Essa tese teve mais defensores até o fim do ano passado, antes das jornadas mais negras das bolsas de valores. Economistas do FMI e do Banco Mundial chamaram a atenção, em outubro, para o bom desempenho da maior parte das economias em desenvolvimento. Em 2008, segundo suas projeções, essas economias perderiam algum impulso, mas continuariam exibindo maior dinamismo do que as dos países do mundo rico. China e Índia, segundo essas análises, compensariam em boa parte a desaceleração do mundo mais desenvolvido. Na América Latina, o Brasil funcionaria como um impulsor de crescimento.
Pesquisa com executivos de cem países, concluída no fim do ano pela PricewaterhouseCoopers, revela que executivos de empresas da Índia, da China, da Rússia e do Brasil são os mais otimistas quanto às possibilidades de expansão dos negócios em 2008. Noventa por cento dos indianos disseram acreditar nessa possibilidade. No Brasil, a parcela foi de 63%, quase o dobro da porcentagem de otimistas dos EUA.
A idéia do descolamento começou a ser contestada com algum vigor nos últimos dias, quando a insegurança dos investidores tomou conta das bolsas e o risco de recessão foi reconhecido pelas autoridades americanas.
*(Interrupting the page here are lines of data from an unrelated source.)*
(* Let $x,y\in\mathbb R^d$ with $\|x\|_2\le1$, $\|y\|_2\le1$, and let $\sigma\in C^1(\mathbb R)$ satisfy $\sigma(0)=0$ and $\|\sigma'\|_\infty\le1$. Let $a\sim\mathcal N(0,1)$ and $w\sim\mathcal N(0,I_d)$. Then for any $\varepsilon>0$: (i) $X_1:=\frac1{\varepsilon^2}\sigma(\varepsilon w^\top x)\sigma(\varepsilon w^\top y)$ satisfies $\|X_1\|_{\psi_1}\le C_{\psi,d}$; (ii) $X_2:=a^2\sigma'(\varepsilon w^\top x)\sigma'(\varepsilon w^\top y)\langle x,y\rangle$ satisfies $\|X_2\|_{\psi_1}\le C_{\psi,1}$.
   Context: The sub-exponential norm of a random variable $X$ is $\|X\|_{\psi_1}:=\inf\{s>0:\mathbb E\exp(|X|/s)\le2\}$. $C_{\psi,d}$ denotes the sub-exponential norm of a chi-square random variable with $d$ degrees of freedom. *)

theory Defs
  imports "HOL-Probability.Probability"
begin

text \<open>Sub-exponential (psi_1) norm of a random variable X on the measure space M:
  inf {s > 0. E exp(|X|/s) \<le> 2}, taken in [0,\<infinity>] (inf of the empty set is \<infinity>).\<close>
definition psi1_norm :: "'a measure \<Rightarrow> ('a \<Rightarrow> real) \<Rightarrow> ennreal" where
  "psi1_norm M X =
     (INF s \<in> {s::real. s > 0 \<and> (\<integral>\<^sup>+ \<omega>. ennreal (exp (\<bar>X \<omega>\<bar> / s)) \<partial>M) \<le> 2}. ennreal s)"

definition chi_sq_density :: "nat \<Rightarrow> real \<Rightarrow> real" where
  "chi_sq_density k x =
     (if x > 0 then x powr (real k / 2 - 1) * exp (- x / 2) / (2 powr (real k / 2) * Gamma (real k / 2))
      else 0)"

text \<open>C_{psi,d}: the psi_1 norm of a chi-square random variable with d degrees of freedom
  (realised as the identity on the chi-square distribution).\<close>
definition C_psi :: "nat \<Rightarrow> ennreal" where
  "C_psi d = psi1_norm (density lborel (\<lambda>x. ennreal (chi_sq_density d x))) (\<lambda>x. x)"

text \<open>Density of the standard Gaussian N(0, I_d) on real^'n (d = CARD('n)).\<close>
definition std_gauss_vec_density :: "real ^ 'n \<Rightarrow> real" where
  "std_gauss_vec_density v = (\<Prod>i\<in>UNIV. std_normal_density (v $ i))"

end

theory Submission
  imports Defs
begin

text \<open>Since \<open>\<sigma>\<close> is 1-Lipschitz with \<open>\<sigma> 0 = 0\<close>, the first variable is dominated by \<open>\<parallel>w\<parallel>\<^sup>2\<close> and the
  second by \<open>a\<^sup>2\<close>, which are chi-square with \<open>d\<close> and \<open>1\<close> degrees of freedom. Their exponential
  moments \<open>E exp (t Y)\<close> are the chi-square moments \<open>(1 - 2t) powr (-k/2)\<close>, computed as Gaussian
  and Gamma integrals. The chi-square condition \<open>E exp (\<bar>Z\<bar>/s) \<le> 2\<close> forces \<open>s > 2\<close>, and for such
  \<open>s\<close> it transfers to the dominated variable, so its \<open>\<psi>\<^sub>1\<close> norm is at most \<open>C_psi k\<close>.\<close>

abbreviation chi_sq_distr :: "nat \<Rightarrow> real measure" where
  "chi_sq_distr k \<equiv> density lborel (\<lambda>x. ennreal (chi_sq_density k x))"

lemma borel_measurable_chi_sq_density[measurable]: "chi_sq_density k \<in> borel_measurable borel"
  unfolding chi_sq_density_def by measurable

lemma chi_sq_density_nonneg: "chi_sq_density k x \<ge> 0"
  by (cases "k = 0") (auto simp: chi_sq_density_def)

lemma nn_integral_Gamma_rescaled:
  fixes \<alpha> l :: real
  assumes \<alpha>: "\<alpha> > 0" and l: "l > 0"
  shows "(\<integral>\<^sup>+x. ennreal (indicator {0..} x * x powr (\<alpha> - 1) * exp (- l * x)) \<partial>lborel)
    = ennreal (Gamma \<alpha> / l powr \<alpha>)"
proof -
  let ?h = "\<lambda>x. indicator {0..} x * x powr (\<alpha> - 1) * exp (- l * x)"
  let ?g = "\<lambda>t::real. indicator {0..} t * t powr (\<alpha> - 1) / exp t"
  have g_rescaled: "?g (0 + l * x) = l powr (\<alpha> - 1) * ?h x" for x
    using l by (cases "x \<ge> 0") (auto simp: powr_mult exp_minus field_simps indicator_def zero_le_mult_iff)
  have "ennreal (Gamma \<alpha>) = (\<integral>\<^sup>+t. ennreal (?g t) \<partial>lborel)"
    using Gamma_conv_nn_integral_real[OF \<alpha>] by simp
  also have "\<dots> = ennreal l * (\<integral>\<^sup>+x. ennreal (?g (0 + l * x)) \<partial>lborel)"
    using l by (subst nn_integral_real_affine[where c = l and t = 0]) auto
  also have "\<dots> = ennreal (l powr \<alpha>) * (\<integral>\<^sup>+x. ennreal (?h x) \<partial>lborel)"
  proof -
    have "(\<integral>\<^sup>+x. ennreal (?g (0 + l * x)) \<partial>lborel)
        = ennreal (l powr (\<alpha> - 1)) * (\<integral>\<^sup>+x. ennreal (?h x) \<partial>lborel)"
      unfolding g_rescaled by (simp add: ennreal_mult' nn_integral_cmult)
    moreover have "ennreal l * ennreal (l powr (\<alpha> - 1)) = ennreal (l powr \<alpha>)"
      using l by (simp add: ennreal_mult'[symmetric] powr_mult_base)
    ultimately show ?thesis
      by (simp add: mult.assoc[symmetric])
  qed
  finally have "ennreal (Gamma \<alpha>) = ennreal (l powr \<alpha>) * (\<integral>\<^sup>+x. ennreal (?h x) \<partial>lborel)" .
  moreover have "ennreal (Gamma \<alpha> / l powr \<alpha>) = ennreal (1 / l powr \<alpha>) * ennreal (Gamma \<alpha>)"
    using l by (simp add: ennreal_mult'[symmetric])
  moreover have "ennreal (1 / l powr \<alpha>) * ennreal (l powr \<alpha>) = 1"
    using l by (simp add: ennreal_mult'[symmetric])
  ultimately show ?thesis
    by (simp add: mult.assoc[symmetric])
qed

lemma nn_integral_chi_sq_exp:
  fixes t :: real
  assumes k: "k > 0" and t: "t < 1/2"
  shows "(\<integral>\<^sup>+x. ennreal (exp (t * x)) \<partial>chi_sq_distr k) = ennreal ((1 - 2 * t) powr (- (real k / 2)))"
proof -
  define \<alpha> where "\<alpha> = real k / 2"
  define l where "l = 1/2 - t"
  have \<alpha>: "\<alpha> > 0" and l: "l > 0"
    using k t by (simp_all add: \<alpha>_def l_def)
  define Z where "Z = 2 powr \<alpha> * Gamma \<alpha>"
  have Z: "Z > 0"
    using \<alpha> by (simp add: Z_def Gamma_real_pos)
  let ?h = "\<lambda>x. indicator {0..} x * x powr (\<alpha> - 1) * exp (- l * x)"
  have density_times_exp: "chi_sq_density k x * exp (t * x) = ?h x / Z" for x
  proof (cases "x > 0")
    case True
    have "exp (- x / 2) * exp (t * x) = exp (- l * x)"
      by (simp add: l_def exp_add[symmetric] algebra_simps)
    with True show ?thesis
      by (simp add: chi_sq_density_def Z_def \<alpha>_def)
  qed (auto simp: chi_sq_density_def indicator_def)
  have "(\<integral>\<^sup>+x. ennreal (exp (t * x)) \<partial>chi_sq_distr k) = (\<integral>\<^sup>+x. ennreal (1 / Z) * ennreal (?h x) \<partial>lborel)"
    using Z by (subst nn_integral_density)
      (auto intro!: nn_integral_cong simp: ennreal_mult'[symmetric] density_times_exp chi_sq_density_nonneg)
  also have "\<dots> = ennreal (1 / Z) * ennreal (Gamma \<alpha> / l powr \<alpha>)"
    using nn_integral_Gamma_rescaled[OF \<alpha> l] by (simp add: nn_integral_cmult)
  also have "\<dots> = ennreal ((2 * l) powr (- \<alpha>))"
    using Z l Gamma_real_pos[OF \<alpha>] by (simp add: ennreal_mult'[symmetric] Z_def powr_mult powr_minus_divide)
  finally show ?thesis
    by (simp add: l_def \<alpha>_def)
qed

lemma nn_integral_chi_sq_exp_abs:
  fixes s :: real
  assumes "k > 0" and "s > 2"
  shows "(\<integral>\<^sup>+x. ennreal (exp (\<bar>x\<bar> / s)) \<partial>chi_sq_distr k) = ennreal ((1 - 2 / s) powr (- (real k / 2)))"
proof -
  have "AE x in chi_sq_distr k. x > 0"
    by (subst AE_density) (auto simp: chi_sq_density_def)
  then have "AE x in chi_sq_distr k. ennreal (exp (\<bar>x\<bar> / s)) = ennreal (exp ((1 / s) * x))"
    by eventually_elim simp
  then have "(\<integral>\<^sup>+x. ennreal (exp (\<bar>x\<bar> / s)) \<partial>chi_sq_distr k) = (\<integral>\<^sup>+x. ennreal (exp ((1 / s) * x)) \<partial>chi_sq_distr k)"
    by (rule nn_integral_cong_AE)
  with assms nn_integral_chi_sq_exp[of k "1 / s"] show ?thesis
    by simp
qed

text \<open>The chi-square exponential moment at scale \<open>s \<le> 2\<close> dominates the one at \<open>s = 32/15\<close>,
  which is \<open>4 ^ k > 2\<close>.\<close>
lemma chi_sq_exp_moment_le_2_imp_gt_2:
  fixes s :: real
  assumes k: "k > 0" and s: "s > 0"
    and le_2: "(\<integral>\<^sup>+x. ennreal (exp (\<bar>x\<bar> / s)) \<partial>chi_sq_distr k) \<le> 2"
  shows "s > 2"
proof (rule ccontr)
  assume "\<not> s > 2"
  have "(1/16::real) powr (- (real k / 2)) = (4 powr (-2)) powr (- (real k / 2))"
    by (simp add: powr_minus_divide)
  also have "\<dots> = 4 ^ k"
    by (simp add: powr_powr powr_realpow)
  finally have "ennreal (4 ^ k) = (\<integral>\<^sup>+x. ennreal (exp (\<bar>x\<bar> / (32/15))) \<partial>chi_sq_distr k)"
    using nn_integral_chi_sq_exp_abs[of k "32/15"] k by simp
  also have "\<dots> \<le> (\<integral>\<^sup>+x. ennreal (exp (\<bar>x\<bar> / s)) \<partial>chi_sq_distr k)"
    using s \<open>\<not> s > 2\<close>
    by (intro nn_integral_mono ennreal_leI iffD2[OF exp_le_cancel_iff] divide_left_mono) auto
  also note le_2
  finally have "(4::real) ^ k \<le> 2"
    by (metis ennreal_le_iff ennreal_numeral zero_le_numeral)
  moreover have "(4::real) \<le> 4 ^ k"
    using k by (simp add: self_le_power)
  ultimately show False
    by simp
qed

lemma psi1_norm_le_C_psi:
  fixes X Y :: "'a \<Rightarrow> real"
  assumes k: "k > 0" and dominated: "\<And>\<omega>. \<bar>X \<omega>\<bar> \<le> Y \<omega>"
    and mgf_bound: "\<And>t. 0 < t \<Longrightarrow> t < 1/2 \<Longrightarrow>
      (\<integral>\<^sup>+\<omega>. ennreal (exp (t * Y \<omega>)) \<partial>M) \<le> ennreal ((1 - 2 * t) powr (- (real k / 2)))"
  shows "psi1_norm M X \<le> C_psi k"
  unfolding C_psi_def psi1_norm_def
proof (intro INF_superset_mono subsetI)
  fix s :: real
  assume "s \<in> {s. s > 0 \<and> (\<integral>\<^sup>+x. ennreal (exp (\<bar>x\<bar> / s)) \<partial>chi_sq_distr k) \<le> 2}"
  then have s: "s > 0" and le_2: "(\<integral>\<^sup>+x. ennreal (exp (\<bar>x\<bar> / s)) \<partial>chi_sq_distr k) \<le> 2"
    by auto
  have s_gt_2: "s > 2"
    using chi_sq_exp_moment_le_2_imp_gt_2[OF k s le_2] .
  have "(\<integral>\<^sup>+\<omega>. ennreal (exp (\<bar>X \<omega>\<bar> / s)) \<partial>M) \<le> (\<integral>\<^sup>+\<omega>. ennreal (exp ((1 / s) * Y \<omega>)) \<partial>M)"
    using s dominated by (intro nn_integral_mono ennreal_leI) (simp add: divide_right_mono)
  also have "\<dots> \<le> ennreal ((1 - 2 / s) powr (- (real k / 2)))"
    using mgf_bound[of "1 / s"] s_gt_2 by simp
  also have "\<dots> = (\<integral>\<^sup>+x. ennreal (exp (\<bar>x\<bar> / s)) \<partial>chi_sq_distr k)"
    using k s_gt_2 by (simp add: nn_integral_chi_sq_exp_abs)
  finally show "s \<in> {s. s > 0 \<and> (\<integral>\<^sup>+\<omega>. ennreal (exp (\<bar>X \<omega>\<bar> / s)) \<partial>M) \<le> 2}"
    using s le_2 by simp
qed simp

lemma nn_integral_std_normal_exp_square:
  fixes c :: real
  assumes c: "c < 1/2"
  shows "(\<integral>\<^sup>+t. ennreal (std_normal_density t * exp (c * t\<^sup>2)) \<partial>lborel)
    = ennreal ((1 - 2 * c) powr (- (1/2)))"
proof -
  define \<sigma> where "\<sigma> = 1 / sqrt (1 - 2 * c)"
  have \<sigma>: "\<sigma> > 0" and \<sigma>_sq: "\<sigma>\<^sup>2 = 1 / (1 - 2 * c)"
    using c by (simp_all add: \<sigma>_def power_divide)
  have rescaled_normal: "std_normal_density t * exp (c * t\<^sup>2) = \<sigma> * normal_density 0 \<sigma> t" for t
  proof -
    have "sqrt (2 * pi * \<sigma>\<^sup>2) = sqrt (2 * pi) * \<sigma>"
      using \<sigma> by (simp add: real_sqrt_mult)
    moreover have "- (t - 0)\<^sup>2 / (2 * \<sigma>\<^sup>2) = - t\<^sup>2 / 2 + c * t\<^sup>2"
      using c by (simp add: \<sigma>_sq field_simps)
    ultimately show ?thesis
      using \<sigma> by (simp add: normal_density_def std_normal_density_def exp_add[symmetric])
  qed
  have "(\<integral>\<^sup>+t. ennreal (std_normal_density t * exp (c * t\<^sup>2)) \<partial>lborel)
      = ennreal \<sigma> * (\<integral>\<^sup>+t. ennreal (normal_density 0 \<sigma> t) \<partial>lborel)"
    using \<sigma> by (simp add: rescaled_normal ennreal_mult nn_integral_cmult)
  also have "(\<integral>\<^sup>+t. ennreal (normal_density 0 \<sigma> t) \<partial>lborel) = 1"
    using \<sigma> by (subst nn_integral_eq_integral) auto
  also have "\<sigma> = (1 - 2 * c) powr (- (1/2))"
    using c by (simp add: \<sigma>_def powr_minus_divide powr_half_sqrt)
  finally show ?thesis
    by simp
qed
Autoridades de países emergentes, como o presidente Luiz Inácio Lula da Silva e o ministro do Comércio da Índia, Kamal Nath, continuam sustentando a idéia da imunidade dos grandes emergentes à crise americana. A tese pode ser defensável, mas, para sustentá-la, é preciso menosprezar alguns detalhes importantes.
O mais importante é o tamanho da economia americana, que corresponde a 25% do produto bruto mundial. O consumo dos americanos, 70% do PIB dos Estados Unidos, correspondeu no ano passado a uns US$ 9,5 trilhões. Esse montante, como lembrou Stephen Roach, equivale a seis vezes o consumo combinado da Índia e da China.
Qual o crescimento das economias indiana e chinesa necessário para compensar uma retração do consumo nos Estados Unidos? Além do mais, as economias da China e da Índia também dependem da animação dos consumidores americanos e europeus - e a Europa, já não muito dinâmica, certamente será afetada pelo esfriamento da atividade nos EUA.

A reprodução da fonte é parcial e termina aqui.